Required action:
Extract from the entries below, exactly as given, only the lines from the line containing "connected_component_set O12 (mat" to the line containing "x = Complex", both lines included.

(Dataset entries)
(* Let $X$ be a vector field on $\mathbb{S}^1$ for which $\mathcal{E}_X^\pm$ is defined, let $A\in\mathrm{O}_0(1,2)$ and $v\in\mathbb{R}^{1,2}$. Then $\mathcal{E}^\pm_{A_*X+\Lambda(v)}=A_*\mathcal{E}^\pm_X+\mathcal{E}^\pm_{\Lambda(v)}$.
   Context: $\mathbb{R}^{1,2}$ is $\mathbb{R}^3$ with $\langle x,y\rangle=-x_0y_0+x_1y_1+x_2y_2$; $\mathrm{O}_0(1,2)$ is the identity component of its linear isometry group, acting on $\overline{\mathbb{D}^2}$ by $A\cdot\eta=\Pi(A(1,\eta))$, $\Pi(x_0,x_1,x_2)=(x_1/x_0,x_2/x_0)$; $A_*$ denotes pushforward of vector fields by $\eta\mapsto A\cdot\eta$ (on $\mathbb{S}^1$ or $\mathbb{D}^2$). Minkowski cross product: $\langle x\boxtimes y,u\rangle=\det(x,y,u)$. $\Lambda(v)$ is the Killing field $\eta\mapsto\mathrm{d}_{(1,\eta)}\Pi((1,\eta)\boxtimes v)$ (also on $\mathbb{S}^1$). A vector field $X$ on $\mathbb{S}^1$ is $X(z)=iz\phi_X(z)$. $\phi_X^-(\eta)=\sup\{a(\eta):a\text{ affine},a|_{\mathbb{S}^1}\le\phi_X\}$, $\phi_X^+(\eta)=\inf\{a(\eta):a\text{ affine},a|_{\mathbb{S}^1}\ge\phi_X\}$. $\Sigma^-(\eta)$ is the set of $\sigma$ with $\langle(1,\xi),\sigma\rangle\le\phi_X^-(\xi)$ for all $\xi\in\mathbb{D}^2$ and equality at $\eta$; $\Sigma^+(\eta)$ likewise with $\ge\phi^+_X$. $\mathcal{E}_X^\pm$ is defined when each $\Sigma^\pm(\eta)$, $\eta\in\mathbb{D}^2$, is a single point or a compact segment (this holds e.g. when $\phi_X$ is lower semicontinuous for $\mathcal{E}_X^-$, upper semicontinuous for $\mathcal{E}_X^+$), and then $\mathcal{E}_X^\pm(\eta)=\mathrm{d}_{(1,\eta)}\Pi((1,\eta)\boxtimes\sigma^\pm(\eta))$ with $\sigma^\pm(\eta)$ that point or the midpoint of that segment. *)

theory Defs
  imports "HOL-Analysis.Analysis"
begin

text \<open>Minkowski space R^{1,2} is modelled as real^3 with coordinates x$1 = x_0, x$2 = x_1, x$3 = x_2.
  The (closed) disk and the circle are modelled inside the complex plane, eta = (Re eta, Im eta).\<close>

definition lor :: "real^3 \<Rightarrow> real^3 \<Rightarrow> real" where
  "lor x y = - x$1 * y$1 + x$2 * y$2 + x$3 * y$3"

definition O12 :: "(real^3^3) set" where
  "O12 = {A. invertible A \<and> (\<forall>x y. lor (A *v x) (A *v y) = lor x y)}"

definition O0_12 :: "(real^3^3) set" where
  "O0_12 = connected_component_set O12 (mat 1)"

definition mcross :: "real^3 \<Rightarrow> real^3 \<Rightarrow> real^3" where
  "mcross x y = (THE w. \<forall>u. lor w u = det (vector [x, y, u] :: real^3^3))"

definition lift :: "complex \<Rightarrow> real^3" where
  "lift \<eta> = vector [1, Re \<eta>, Im \<eta>]"

definition Proj :: "real^3 \<Rightarrow> complex" where
  "Proj x = Complex (x$2 / x$1) (x$3 / x$1)"

definition act :: "real^3^3 \<Rightarrow> complex \<Rightarrow> complex" where
  "act A \<eta> = Proj (A *v lift \<eta>)"

definition push :: "real^3^3 \<Rightarrow> (complex \<Rightarrow> complex) \<Rightarrow> complex \<Rightarrow> complex" where
  "push A Y \<xi> = (let \<eta> = act (matrix_inv A) \<xi> in frechet_derivative (act A) (at \<eta>) (Y \<eta>))"

definition Lam :: "real^3 \<Rightarrow> complex \<Rightarrow> complex" where
  "Lam v \<eta> = frechet_derivative Proj (at (lift \<eta>)) (mcross (lift \<eta>) v)"

text \<open>A vector field on S^1 is a map X with X(z) = i z phi_X(z), phi_X real.\<close>
definition vf_S1 :: "(complex \<Rightarrow> complex) \<Rightarrow> bool" where
  "vf_S1 X \<longleftrightarrow> (\<forall>z\<in>sphere 0 1. X z / (\<i> * z) \<in> \<real>)"

definition phi :: "(complex \<Rightarrow> complex) \<Rightarrow> complex \<Rightarrow> real" where
  "phi X z = Re (X z / (\<i> * z))"

definition affine_fun :: "(complex \<Rightarrow> real) \<Rightarrow> bool" where
  "affine_fun a \<longleftrightarrow> (\<exists>c0 c1 c2. \<forall>\<xi>. a \<xi> = c0 + c1 * Re \<xi> + c2 * Im \<xi>)"

text \<open>phi^- (s = False) and phi^+ (s = True), extended-real valued.\<close>
definition phi_env :: "bool \<Rightarrow> (complex \<Rightarrow> complex) \<Rightarrow> complex \<Rightarrow> ereal" where
  "phi_env s X \<eta> = (if s
     then Inf {ereal (a \<eta>) | a. affine_fun a \<and> (\<forall>z\<in>sphere 0 1. a z \<ge> phi X z)}
     else Sup {ereal (a \<eta>) | a. affine_fun a \<and> (\<forall>z\<in>sphere 0 1. a z \<le> phi X z)})"

definition Sig :: "bool \<Rightarrow> (complex \<Rightarrow> complex) \<Rightarrow> complex \<Rightarrow> (real^3) set" where
  "Sig s X \<eta> = {\<sigma>. (\<forall>\<xi>\<in>ball 0 1.
        (if s then ereal (lor (lift \<xi>) \<sigma>) \<ge> phi_env s X \<xi>
              else ereal (lor (lift \<xi>) \<sigma>) \<le> phi_env s X \<xi>))
      \<and> ereal (lor (lift \<eta>) \<sigma>) = phi_env s X \<eta>}"

definition E_defined :: "bool \<Rightarrow> (complex \<Rightarrow> complex) \<Rightarrow> bool" where
  "E_defined s X \<longleftrightarrow> (\<forall>\<eta>\<in>ball 0 1. \<exists>a b. Sig s X \<eta> = closed_segment a b)"

definition sig :: "bool \<Rightarrow> (complex \<Rightarrow> complex) \<Rightarrow> complex \<Rightarrow> real^3" where
  "sig s X \<eta> = (SOME m. \<exists>a b. Sig s X \<eta> = closed_segment a b \<and> m = midpoint a b)"

definition E :: "bool \<Rightarrow> (complex \<Rightarrow> complex) \<Rightarrow> complex \<Rightarrow> complex" where
  "E s X \<eta> = frechet_derivative Proj (at (lift \<eta>)) (mcross (lift \<eta>) (sig s X \<eta>))"

end

theory Submission
  imports Defs
begin

text \<open>Elements of \<open>O\<^sub>0(1,2)\<close> preserve the time orientation and have determinant one.
  Hence they act on the closed disc, preserving the open disc and the circle, and they commute
  with the Minkowski cross product, which makes the Killing fields natural:
  \<open>A\<^sub>* \<Lambda>(\<sigma>) = \<Lambda>(A \<sigma>)\<close>. On the circle \<open>\<Lambda>(w)(z) = i z \<langle>(1,z), w\<rangle>\<close>, so for
  \<open>Y = A\<^sub>* X + \<Lambda>(v)\<close> the coefficient is \<open>\<phi>\<^sub>Y = h (\<phi>\<^sub>X \<circ> A\<inverse>) + \<langle>(1,\<cdot>), v\<rangle>\<close> with
  \<open>h(\<xi>) = (A\<inverse>(1,\<xi>))\<^sub>0 > 0\<close>. Multiplication by \<open>h\<close> turns the affine function
  \<open>\<langle>(1, A\<inverse>\<cdot>\<xi>), w\<rangle>\<close> into \<open>\<langle>(1,\<xi>), A w\<rangle>\<close>, so the affine bounds of \<open>\<phi>\<^sub>Y\<close> are the
  images of those of \<open>\<phi>\<^sub>X\<close> under \<open>w \<mapsto> A w + v\<close>. Consequently the envelopes transform in
  the same way and \<open>\<Sigma>\<^sub>Y(\<eta>) = A \<Sigma>\<^sub>X(A\<inverse>\<cdot>\<eta>) + v\<close>. For \<open>X = 0\<close> an affine function of
  fixed sign on the disc that vanishes at an interior point is zero, so \<open>\<Sigma> = {0}\<close>, and the
  same transport gives \<open>\<Sigma>(\<eta>) = {v}\<close> for \<open>\<Lambda>(v)\<close>. Midpoints commute with affine maps and
  \<open>E = \<Lambda>(\<sigma>)\<close>, which gives the formula.\<close>

section \<open>The Minkowski form and cross product\<close>

lemma lor_bilinear:
  "lor x (a + b) = lor x a + lor x b" "lor x (c *\<^sub>R a) = c * lor x a"
  "lor (c *\<^sub>R a) x = c * lor a x"
  "lor x (- a) = - lor x a" "lor x (a - b) = lor x a - lor x b"
  by (simp_all add: lor_def algebra_simps)

lemma lor_axis1: "lor u (axis 1 1) = - u$1" "lor (axis 1 1) u = - u$1"
  by (simp_all add: lor_def axis_def)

Solution to this problem:
  "O0_12 = connected_component_set O12 (mat 1)"

definition mcross :: "real^3 \<Rightarrow> real^3 \<Rightarrow> real^3" where
  "mcross x y = (THE w. \<forall>u. lor w u = det (vector [x, y, u] :: real^3^3))"

definition lift :: "complex \<Rightarrow> real^3" where
  "lift \<eta> = vector [1, Re \<eta>, Im \<eta>]"

definition Proj :: "real^3 \<Rightarrow> complex" where
  "Proj x = Complex (x$2 / x$1) (x$3 / x$1)"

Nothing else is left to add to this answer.